Have your blood pressure rechecked as often as you are advised to do so. If it’s normal, have it rechecked every two years.

If you smoke, quit. Five years after quitting, your risk of stroke returns to the level of a person who never smoked. And keep in mind that even being around smoke from other people puts you at risk. Indeed, according to the CDC, secondhand smoke leads to around 34,000 early deaths from heart and blood vessel disease in the U.S. each year (not counting more than 7,000 deaths from lung cancer).

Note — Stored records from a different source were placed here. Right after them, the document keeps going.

(* In the setting described in the context, let $\sigma_w,\sigma_v$ be real scalars and let $\Pi_\tau(s)=W^{1/2}\tilde\Sigma_\tau(s)$, where $$\tilde\Sigma_\tau(s)=R^T\big(sI+L_{e,s}^\tau RWR^T\big)^{-1}\begin{bmatrix}\sigma_wD_\tau^TE^{-1/2} & -\sigma_vL_{e,s}^\tau RW^{1/2}\end{bmatrix}.$$ Then $$\|\Pi_\tau\|_\infty^2=\sigma_w^2\,\bar\sigma(X)+\sigma_v^2,\qquad X=W^{1/2}R^T\big(RWR^TL_{e,s}^\tau RWR^T\big)^{-1}RW^{1/2}.$$
   Context: Let $\mathcal G$ be an undirected, connected graph without self-loops, with node set $\{1,\dots,n\}$ ($n\ge2$) and edge set $\mathcal E$, $m=|\mathcal E|$. Give each edge an arbitrary orientation; the incidence matrix $D\in\mathbb R^{n\times m}$ has $D_{il}=1$ if node $i$ is the initial node of edge $l$, $-1$ if it is the terminal node, and $0$ otherwise. Fix a spanning tree $\mathcal G_\tau$ and order the edges so the first $n-1$ are tree edges; write $D=[D_\tau\ D_c]$ with $D_\tau\in\mathbb R^{n\times(n-1)}$. Set $T_\tau^c=(D_\tau^TD_\tau)^{-1}D_\tau^TD_c$ and $R=[I_{n-1}\ T_\tau^c]\in\mathbb R^{(n-1)\times m}$. Let $W=\mathrm{diag}(w_1,\dots,w_m)$, $w_l>0$, and $E=\mathrm{diag}(\epsilon_1,\dots,\epsilon_n)$, $\epsilon_i>0$; powers of these diagonal matrices are taken entrywise. Define $L_{e,s}^\tau=D_\tau^TE^{-1}D_\tau$. For a stable transfer matrix $\Phi(s)$, $\|\Phi\|_\infty=\sup_{\omega\in\mathbb R}\bar\sigma(\Phi(j\omega))$ where $\bar\sigma$ is the largest singular value. *)

theory Defs
  imports "HOL-Analysis.Analysis" "Jordan_Normal_Form.Gauss_Jordan_Elimination"
    "Jordan_Normal_Form.Schur_Decomposition" "Jordan_Normal_Form.Char_Poly"
begin

(* Nodes are 0..n-1 (0-indexed); an oriented edge l is the pair es!l = (initial, terminal). *)

definition adj_rel :: "(nat \<times> nat) list \<Rightarrow> nat \<Rightarrow> nat \<Rightarrow> bool" where
  "adj_rel F x y \<longleftrightarrow> (\<exists>(a,b)\<in>set F. (x = a \<and> y = b) \<or> (x = b \<and> y = a))"

definition simple_graph_edges :: "nat \<Rightarrow> (nat \<times> nat) list \<Rightarrow> bool" where
  "simple_graph_edges n es \<longleftrightarrow> (\<forall>(a,b)\<in>set es. a < n \<and> b < n \<and> a \<noteq> b)
      \<and> distinct (map (\<lambda>(a,b). {a,b}) es)"

definition connected_on :: "nat \<Rightarrow> (nat \<times> nat) list \<Rightarrow> bool" where
  "connected_on n F \<longleftrightarrow> (\<forall>i<n. \<forall>j<n. (adj_rel F)\<^sup>*\<^sup>* i j)"

definition acyclic_edges :: "(nat \<times> nat) list \<Rightarrow> bool" where
  "acyclic_edges F \<longleftrightarrow> (\<forall>l<length F. \<not> (adj_rel (take l F @ drop (Suc l) F))\<^sup>*\<^sup>* (fst (F!l)) (snd (F!l)))"

definition first_edges_spanning_tree :: "nat \<Rightarrow> (nat \<times> nat) list \<Rightarrow> bool" where
  "first_edges_spanning_tree n es \<longleftrightarrow> n - 1 \<le> length es
      \<and> connected_on n (take (n - 1) es) \<and> acyclic_edges (take (n - 1) es)"

definition incidence :: "nat \<Rightarrow> (nat \<times> nat) list \<Rightarrow> real mat" where
  "incidence n es = mat n (length es) (\<lambda>(i,l).
      if i = fst (es!l) then 1 else if i = snd (es!l) then -1 else 0)"

definition D_tau :: "nat \<Rightarrow> (nat \<times> nat) list \<Rightarrow> real mat" where
  "D_tau n es = mat n (n - 1) (\<lambda>(i,l). incidence n es $$ (i,l))"

definition D_c :: "nat \<Rightarrow> (nat \<times> nat) list \<Rightarrow> real mat" where
  "D_c n es = mat n (length es - (n - 1)) (\<lambda>(i,l). incidence n es $$ (i, l + (n - 1)))"

definition minv :: "'a::field mat \<Rightarrow> 'a mat" where
  "minv A = the (mat_inverse A)"

definition T_tau_c :: "nat \<Rightarrow> (nat \<times> nat) list \<Rightarrow> real mat" where
  "T_tau_c n es = minv (transpose_mat (D_tau n es) * D_tau n es) * transpose_mat (D_tau n es) * D_c n es"

(* R = [I_{n-1}  T_tau_c] *)
definition Rmat :: "nat \<Rightarrow> (nat \<times> nat) list \<Rightarrow> real mat" where
  "Rmat n es = mat (n - 1) (length es) (\<lambda>(i,l).
      if l < n - 1 then (if i = l then 1 else 0) else T_tau_c n es $$ (i, l - (n - 1)))"

abbreviation dg :: "nat \<Rightarrow> (nat \<Rightarrow> real) \<Rightarrow> real mat" where
  "dg k d \<equiv> mat_diag k d"

definition L_es :: "nat \<Rightarrow> (nat \<times> nat) list \<Rightarrow> (nat \<Rightarrow> real) \<Rightarrow> real mat" where
  "L_es n es eps = transpose_mat (D_tau n es) * dg n (\<lambda>i. 1 / eps i) * D_tau n es"

definition cmat :: "real mat \<Rightarrow> complex mat" where
  "cmat A = map_mat complex_of_real A"

definition B_blk :: "nat \<Rightarrow> (nat \<times> nat) list \<Rightarrow> (nat \<Rightarrow> real) \<Rightarrow> (nat \<Rightarrow> real) \<Rightarrow> real \<Rightarrow> real \<Rightarrow> real mat" where
  "B_blk n es w eps sw sv =
     (let M1 = sw \<cdot>\<^sub>m (transpose_mat (D_tau n es) * dg n (\<lambda>i. 1 / sqrt (eps i)));
          M2 = (- sv) \<cdot>\<^sub>m (L_es n es eps * Rmat n es * dg (length es) (\<lambda>l. sqrt (w l)))
      in mat (n - 1) (n + length es) (\<lambda>(i,j). if j < n then M1 $$ (i,j) else M2 $$ (i, j - n)))"

definition Sigma_tau :: "nat \<Rightarrow> (nat \<times> nat) list \<Rightarrow> (nat \<Rightarrow> real) \<Rightarrow> (nat \<Rightarrow> real) \<Rightarrow> real \<Rightarrow> real \<Rightarrow> complex \<Rightarrow> complex mat" where
  "Sigma_tau n es w eps sw sv s =
     cmat (transpose_mat (Rmat n es)) *
     minv (s \<cdot>\<^sub>m 1\<^sub>m (n - 1) + cmat (L_es n es eps * Rmat n es * dg (length es) w * transpose_mat (Rmat n es))) *
     cmat (B_blk n es w eps sw sv)"

definition Pi_tau :: "nat \<Rightarrow> (nat \<times> nat) list \<Rightarrow> (nat \<Rightarrow> real) \<Rightarrow> (nat \<Rightarrow> real) \<Rightarrow> real \<Rightarrow> real \<Rightarrow> complex \<Rightarrow> complex mat" where
  "Pi_tau n es w eps sw sv s = cmat (dg (length es) (\<lambda>l. sqrt (w l))) * Sigma_tau n es w eps sw sv s"

definition sigma_max :: "complex mat \<Rightarrow> real" where
  "sigma_max A = Max {sqrt (Re k) | k. eigenvalue (mat_adjoint A * A) k}"

definition hinf_norm :: "(complex \<Rightarrow> complex mat) \<Rightarrow> real" where
  "hinf_norm Phi = (SUP \<omega>::real. sigma_max (Phi (\<i> * complex_of_real \<omega>)))"

definition X_mat :: "nat \<Rightarrow> (nat \<times> nat) list \<Rightarrow> (nat \<Rightarrow> real) \<Rightarrow> (nat \<Rightarrow> real) \<Rightarrow> real mat" where
  "X_mat n es w eps =
     (let R = Rmat n es; Wh = dg (length es) (\<lambda>l. sqrt (w l)); W = dg (length es) w in
      Wh * transpose_mat R * minv (R * W * transpose_mat R * L_es n es eps * R * W * transpose_mat R) * R * Wh)"

end

theory Submission
  imports Defs "Jordan_Normal_Form.Spectral_Radius"
begin

(*
  Write L = L_{e,s}^tau, M = R W R^T and V = R W^(1/2). Both L and M are positive definite (D_tau
  has trivial kernel because every tree edge has a fundamental cut, and R = [I T]), V V^H = M, and
  the block matrix B satisfies B B^T = sw^2 L + sv^2 L M L; moreover Pi_tau(j w) = V^H (j w I + L M)^(-1) B.

  Upper bound: if Pi^H Pi has an eigenvalue k > sv^2 at s = j w, pushing an eigenvector through
  these identities gives y <> 0 with (sv^2 - k) (M L)^2 y + sw^2 M L y = k w^2 y. Hence M L has an
  eigenvector whose eigenvalue r, positive since L and M are positive definite, satisfies
  k (r^2 + w^2) = sv^2 r^2 + sw^2 r, so k <= sv^2 + sw^2 / r; and 1 / r is an eigenvalue of
  X = V^H (M L M)^(-1) V, so 1 / r <= sigma_max X.

  Lower bound: at w = 0 the resolvent is (L M)^(-1), and on the range of V^H the matrix
  Pi(0) Pi(0)^H acts as sw^2 X + sv^2 I. A top eigenvector of the positive semidefinite X lies in
  this range, so the value sw^2 sigma_max X + sv^2 is attained at w = 0.
*)

section \<open>Adjoints and the complex embedding of real matrices\<close>

abbreviation adj :: "complex mat \<Rightarrow> complex mat" where "adj A \<equiv> mat_adjoint A"

lemma dim_mat_adjoint[simp]: "dim_row (adj A) = dim_col A" "dim_col (adj A) = dim_row A"
  unfolding mat_adjoint_def by (auto simp: mat_of_rows_def)

lemma mat_adjoint_carrier[simp, intro]: "A \<in> carrier_mat r c \<Longrightarrow> adj A \<in> carrier_mat c r"
  by (metis dim_mat_adjoint carrier_matD carrier_matI)

lemma index_mat_adjoint[simp]:
  "i < dim_col A \<Longrightarrow> j < dim_row A \<Longrightarrow> adj A $$ (i, j) = cnj (A $$ (j, i))"
  unfolding mat_adjoint_def by (auto simp: mat_of_rows_def)

lemma mat_adjoint_adjoint[simp]: "adj (adj A) = A"
  by (rule eq_matI) auto

lemma mat_adjoint_mult:
  assumes "A \<in> carrier_mat r k" "B \<in> carrier_mat k c"
  shows "adj (A * B) = adj B * adj A"
proof (rule eq_matI)
  fix i j assume "i < dim_row (adj B * adj A)" "j < dim_col (adj B * adj A)"
  with assms show "adj (A * B) $$ (i, j) = (adj B * adj A) $$ (i, j)"
    by (auto simp: scalar_prod_def intro!: sum.cong)
qed (use assms in auto)

lemma mat_adjoint_add:
  "A \<in> carrier_mat r c \<Longrightarrow> B \<in> carrier_mat r c \<Longrightarrow> adj (A + B) = adj A + adj B"
  by (rule eq_matI) auto

lemma mat_adjoint_smult: "adj (a \<cdot>\<^sub>m A) = cnj a \<cdot>\<^sub>m adj A"
  by (rule eq_matI) auto

lemma mat_adjoint_one[simp]: "adj (1\<^sub>m n) = 1\<^sub>m n"
  by (rule eq_matI) auto

lemma inner_mat_adjoint:
  assumes A: "A \<in> carrier_mat r c" and x: "x \<in> carrier_vec c" and y: "y \<in> carrier_vec r"
  shows "(A *\<^sub>v x) \<bullet>c y = x \<bullet>c (adj A *\<^sub>v y)"
proof -
  have "(A *\<^sub>v x) \<bullet>c y = (\<Sum>i<r. (\<Sum>j<c. A $$ (i, j) * x $ j) * cnj (y $ i))"
    using A x y by (auto simp: scalar_prod_def mult_mat_vec_def lessThan_atLeast0)
  also have "\<dots> = (\<Sum>j<c. x $ j * cnj (\<Sum>i<r. cnj (A $$ (i, j)) * y $ i))"
    by (simp add: sum_distrib_left sum_distrib_right sum.swap[of _ "{..<c}"] mult_ac)
  also have "\<dots> = x \<bullet>c (adj A *\<^sub>v y)"
    using A x y by (auto simp: scalar_prod_def mult_mat_vec_def lessThan_atLeast0 intro!: sum.cong)
  finally show ?thesis .
qed

lemma inner_hermitian:
  "adj H = H \<Longrightarrow> H \<in> carrier_mat n n \<Longrightarrow> x \<in> carrier_vec n \<Longrightarrow> y \<in> carrier_vec n
   \<Longrightarrow> (H *\<^sub>v x) \<bullet>c y = x \<bullet>c (H *\<^sub>v y)"
  using inner_mat_adjoint[of H n n x y] by simp

lemma cmat_carrier[simp]: "A \<in> carrier_mat r c \<Longrightarrow> cmat A \<in> carrier_mat r c"
  unfolding cmat_def by auto

lemma dim_cmat[simp]: "dim_row (cmat A) = dim_row A" "dim_col (cmat A) = dim_col A"
  unfolding cmat_def by auto

lemma index_cmat[simp]:
  "i < dim_row A \<Longrightarrow> j < dim_col A \<Longrightarrow> cmat A $$ (i, j) = complex_of_real (A $$ (i, j))"
  unfolding cmat_def by auto

lemma mat_adjoint_cmat: "adj (cmat A) = cmat (transpose_mat A)"
  by (rule eq_matI) auto

lemma cmat_mult: "dim_col A = dim_row B \<Longrightarrow> cmat (A * B) = cmat A * cmat B"
  unfolding cmat_def by (intro of_real_hom.mat_hom_mult carrier_matI) auto

lemma cmat_add: "A \<in> carrier_mat r c \<Longrightarrow> B \<in> carrier_mat r c \<Longrightarrow> cmat (A + B) = cmat A + cmat B"
  by (rule eq_matI) auto

lemma cmat_smult: "cmat (a \<cdot>\<^sub>m A) = of_real a \<cdot>\<^sub>m cmat A"
  by (rule eq_matI) auto

lemma cmat_one: "cmat (1\<^sub>m k) = 1\<^sub>m k"
  by (rule eq_matI) auto

lemma det_cmat: "det (cmat A) = complex_of_real (det A)"
  unfolding cmat_def by (rule of_real_hom.hom_det)

text \<open>Dimension-only variants of the library's carrier-based rules: the side conditions are then
  discharged by the simplifier from the dimension lemmas.\<close>

lemma assoc_mult_mat_dims:
  "dim_col (A::'a::semiring_0 mat) = dim_row B \<Longrightarrow> dim_col B = dim_row C \<Longrightarrow> A * B * C = A * (B * C)"
  by (intro assoc_mult_mat carrier_matI) auto

lemma transpose_mult_dims:
  "dim_col (A::'a::comm_semiring_0 mat) = dim_row B \<Longrightarrow> transpose_mat (A * B) = transpose_mat B * transpose_mat A"
  by (intro transpose_mult carrier_matI) auto

lemma mult_mat_vec_assoc:
  "dim_col A = dim_row B \<Longrightarrow> dim_vec v = dim_col B \<Longrightarrow> (A * B) *\<^sub>v v = A *\<^sub>v (B *\<^sub>v v)"
  by (intro assoc_mult_mat_vec carrier_matI carrier_vecI) auto

lemma add_mult_mat_vec:
  "dim_row A = dim_row B \<Longrightarrow> dim_col A = dim_col B \<Longrightarrow> dim_vec v = dim_col A
   \<Longrightarrow> (A + B) *\<^sub>v v = A *\<^sub>v v + B *\<^sub>v v"
  by (rule add_mult_distrib_mat_vec[of _ "dim_row A" "dim_col A"]) (auto intro: carrier_matI carrier_vecI)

Follow a heart-healthy diet that helps your control your weight. A high-fiber diet rich in fruits, vegetables, and whole grains, along with calcium-rich foods such as low-fat and nonfat dairy products, is essential to maintaining a healthy blood pressure. Keep your sodium intake below 2,300 milligrams a day—or, if you have hypertension, below 1,500 milligrams a day. It is easier to do this if you limit your intake of processed foods, especially fast food. Avoid foods high in saturated fats. The DASH diet (Dietary Approaches to Stop Hypertension) is a tested way to reduce blood pressure. Such a diet also helps you to maintain a healthy weight, which itself is an important step in reducing stroke risk.

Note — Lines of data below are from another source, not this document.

(* Let $A,B$ be commuting nilpotent $n\times n$ matrices with $\mathrm{sh}(B)=(\lambda_1,\lambda_2)$, $\lambda_1\ge\lambda_2\ge1$, and $\mathrm{sh}(A)=(\mu_1,\ldots,\mu_s)$. If $s>\lambda_1$, then $\mu_1\le\left\lceil\frac{\lambda_2}{s-\lambda_1}\right\rceil$.
   Context: $\mathbb{F}$ is an algebraically closed field of characteristic $0$ and matrices are over $\mathbb{F}$. For a nilpotent matrix $A$, $\mathrm{sh}(A)$ is the partition of $n$ given by the sizes of the Jordan blocks of its Jordan canonical form (so $s$ is the number of Jordan blocks of $A$ and $\mu_1$ its nilpotency index). *)

theory Defs
  imports Complex_Main "Jordan_Normal_Form.Jordan_Normal_Form_Uniqueness"
begin

definition nilpotent_mat :: "'a :: semiring_1 mat \<Rightarrow> bool" where
  "nilpotent_mat A \<longleftrightarrow> (\<exists>k. A ^\<^sub>m k = 0\<^sub>m (dim_row A) (dim_col A))"

definition sh :: "'a :: semiring_1 mat \<Rightarrow> nat list" where
  "sh A = rev (sort (map fst (SOME n_as. jordan_nf A n_as)))"

end

theory Submission
  imports Defs "Jordan_Normal_Form.Jordan_Normal_Form_Existence" "Jordan_Normal_Form.DL_Rank"
begin

(* Proof of Proposition 3.8.  Let A, B be commuting nilpotent n x n matrices, sh B = (l1, l2)
   and s = length (sh A) = dim ker A > l1.  Put r = n - s and d = s - l1, so r + d = l2.

   Over an algebraically closed field every square matrix is
       triangularizable and hence has a Jordan normal form; for a nilpotent matrix all blocks
       belong to the eigenvalue 0, so dim ker A^k = sum_i min k (mu_i).  In particular
       s = dim ker A, and A^m = 0 forces every block size mu_i to be at most m.
   (2) Absorption.  If B is nilpotent and commutes with A, then B^(n - dim ker A) * A = 0:
       the kernels of B^j * A strictly increase until they exhaust the whole space.
       Hence every vector A v lies in ker B^r.
   (3) Two Jordan blocks.  For B with two Jordan blocks, both of size >= l2, and r + d = l2,
       every y in ker B^r is of the form B^d z with z in ker B^l2.
   Iterating (2)+(3) gives A^m v = B^(m d) z with B^l2 z = 0, so A^m = 0 once m d >= l2;
   with m = ceil (l2 / d), (1) yields mu_1 <= ceil (l2 / (s - l1)). *)

section \<open>Jordan normal forms of nilpotent matrices\<close>

lemma monic_poly_splits:
  fixes p :: "'a :: field poly"
  assumes alg_closed: "\<forall>p :: 'a poly. degree p \<ge> 1 \<longrightarrow> (\<exists>x. poly p x = 0)"
    and monic: "monic p"
  shows "\<exists>es. p = (\<Prod>e\<leftarrow>es. [:-e,1:])"
  using monic
proof (induction "degree p" arbitrary: p)
  case 0
  then have "p = 1" using monic_degree_0[of p] by simp
  then show ?case by (intro exI[of _ "[]"]) simp
next
  case (Suc d)
  then obtain x where "poly p x = 0" using alg_closed by (metis le_add1 plus_1_eq_Suc)
  then have "[:-x,1:] dvd p" using dvd_iff_poly_eq_0[of "-x" p] by simp
  then obtain q where q: "p = [:-x,1:] * q" by (rule dvdE)
  have "q \<noteq> 0" using q Suc(3) by auto
  then have "degree p = Suc (degree q)" unfolding q by (subst degree_mult_eq) auto
  then have "d = degree q" using Suc(2) by simp
  moreover have "monic q" using Suc(3) unfolding q lead_coeff_mult by simp
  ultimately obtain es where "q = (\<Prod>e\<leftarrow>es. [:-e,1:])" using Suc(1) by blast
  then show ?case by (intro exI[of _ "x # es"]) (simp add: q)
qed

lemma invertible_mat_with_first_col:
  fixes v :: "'a :: field vec"
  assumes v: "v \<in> carrier_vec n" and v0: "v \<noteq> 0\<^sub>v n"
  obtains W W' where "W \<in> carrier_mat n n" "W' \<in> carrier_mat n n"
    "W' * W = 1\<^sub>m n" "W * W' = 1\<^sub>m n" "col W 0 = v"
proof -
  interpret vec_space "TYPE('a)" n .
  define b where "b = basis_completion v"
  define W where "W = mat_of_cols n b"
  from basis_completion[OF v v0, folded b_def]
  have "distinct b" "\<not> lin_dep (set b)" and b: "set b \<subseteq> carrier_vec n"
    and hdb: "hd b = v" and len_b: "length b = n" by auto
  moreover have W: "W \<in> carrier_mat n n" unfolding W_def using len_b by auto
  moreover have "cols W = b" unfolding W_def using b by simp
  ultimately have "rank W = n" using lin_indpt_full_rank[OF W] by auto
  then have "det W \<noteq> 0" using det_rank_iff[OF W] by auto
  from det_non_zero_imp_unit[OF W this]
  obtain W' where "W' \<in> carrier_mat n n" "W' * W = 1\<^sub>m n" "W * W' = 1\<^sub>m n"
    unfolding Units_def ring_mat_def by auto
  moreover have "n > 0" using v v0 by (intro gr0I) auto
  then have "col W 0 = v" unfolding W_def using len_b hdb b
    by (subst col_mat_of_cols) (auto simp: hd_conv_nth)
  ultimately show thesis using that W by blast
qed

text \<open>Changing coordinates to a basis starting with an eigenvector for e turns the first column
  into e times the first unit vector.\<close>

lemma eigenvalue_first_column:
  fixes A :: "'a :: field mat"
  assumes A: "A \<in> carrier_mat n n" and e: "eigenvalue A e"
  obtains W W' A' where "similar_mat_wit A A' W W'" "A' \<in> carrier_mat n n"
    "col A' 0 = e \<cdot>\<^sub>v unit_vec n 0" "n > 0"
proof -
  define v where "v = find_eigenvector A e"
  have "eigenvector A v e" unfolding v_def by (rule find_eigenvector[OF A e])
  then have v: "v \<in> carrier_vec n" and v0: "v \<noteq> 0\<^sub>v n" and eigen: "A *\<^sub>v v = e \<cdot>\<^sub>v v"
    using A unfolding eigenvector_def by auto
  have n: "n > 0" using v v0 by (intro gr0I) auto
  obtain W W' where W: "W \<in> carrier_mat n n" and W': "W' \<in> carrier_mat n n"
    and W'W: "W' * W = 1\<^sub>m n" and WW': "W * W' = 1\<^sub>m n" and colW: "col W 0 = v"
    using invertible_mat_with_first_col[OF v v0] by blast
  define A' where "A' = W' * A * W"
  have A': "A' \<in> carrier_mat n n" using W W' A unfolding A'_def by auto
  have "similar_mat_wit A' A W' W"
    by (rule similar_mat_witI[of _ _ n]) (use W W' A A' W'W WW' in \<open>auto simp: A'_def\<close>)
  then have wit: "similar_mat_wit A A' W W'" by (rule similar_mat_wit_sym)
  have AW: "A * W \<in> carrier_mat n n" using A W by simp
  have "col A' 0 = col (W' * (A * W)) 0" unfolding A'_def using assoc_mult_mat[OF W' A W] by simp
  also have "\<dots> = W' *\<^sub>v col (A * W) 0" by (rule col_mult2[OF W' AW]) (use n in simp)
  also have "col (A * W) 0 = A *\<^sub>v v"
    unfolding colW[symmetric] by (rule col_mult2[OF A W]) (use n in simp)
  finally have "col A' 0 = e \<cdot>\<^sub>v (W' *\<^sub>v v)" using eigen mult_mat_vec[OF W' v] by simp
  also have "W' *\<^sub>v v = unit_vec n 0"
    using col_mult2[OF W' W, of 0] colW W'W n by simp
  finally show thesis using that wit A' n by blast
qed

Learn more about the DASH diet and get a sample menu. If you need to lose weight, also check out these 18 keys to healthy weight loss.

Get regular aerobic exercise, enough to work up a light sweat, at least three times a week. Exercise is a proven way to treat and prevent hypertension.

Control your blood cholesterol levels. High LDL (“bad”) and low HDL (“good”) cholesterol are both risks for atherosclerosis, which can lead to clots and thus a stroke. The advice above about diet, smoking, exercise, and weight control can help keep your cholesterol at healthy levels. If your physician advises, you may also need to take cholesterol-lowering drugs. Statins, in particular, have been shown to reduce stroke risk.

If you drink alcohol, keep your intake moderate. A daily drink for women, or two for men, has been shown to reduce the risk of ischemic stroke. This does not mean you should start drinking to reduce stroke risk. Alcohol can quickly turn from friend to foe if you drink more than moderately. Consuming more than a drink or two a day actually increases the risk of ischemic stroke. And, ironically, any drinking increases the risk of hemorrhagic stroke.

Aspirin, maybe. Low-dose aspirin (a quarter tablet, or 81 milligrams, daily) helps prevent heart attacks for some people, but if you are at risk for stroke, aspirin has some drawbacks. Low-dose aspirin can indeed reduce the risk of ischemic stroke, particularly a second stroke. But aspirin can promote bleeding and thus may increase the risk of hemorrhagic stroke, especially if you have uncontrolled high blood pressure. Before taking low-dose aspirin, talk with your doctor. For some people, but not all, its benefits outweigh its risks.

An important note on aspirin: If you think you are having a heart attack, the best advice is to chew and swallow a whole adult aspirin after calling 911. But you should not do this if you think you are having a stroke, because of its effect on bleeding; just call 911.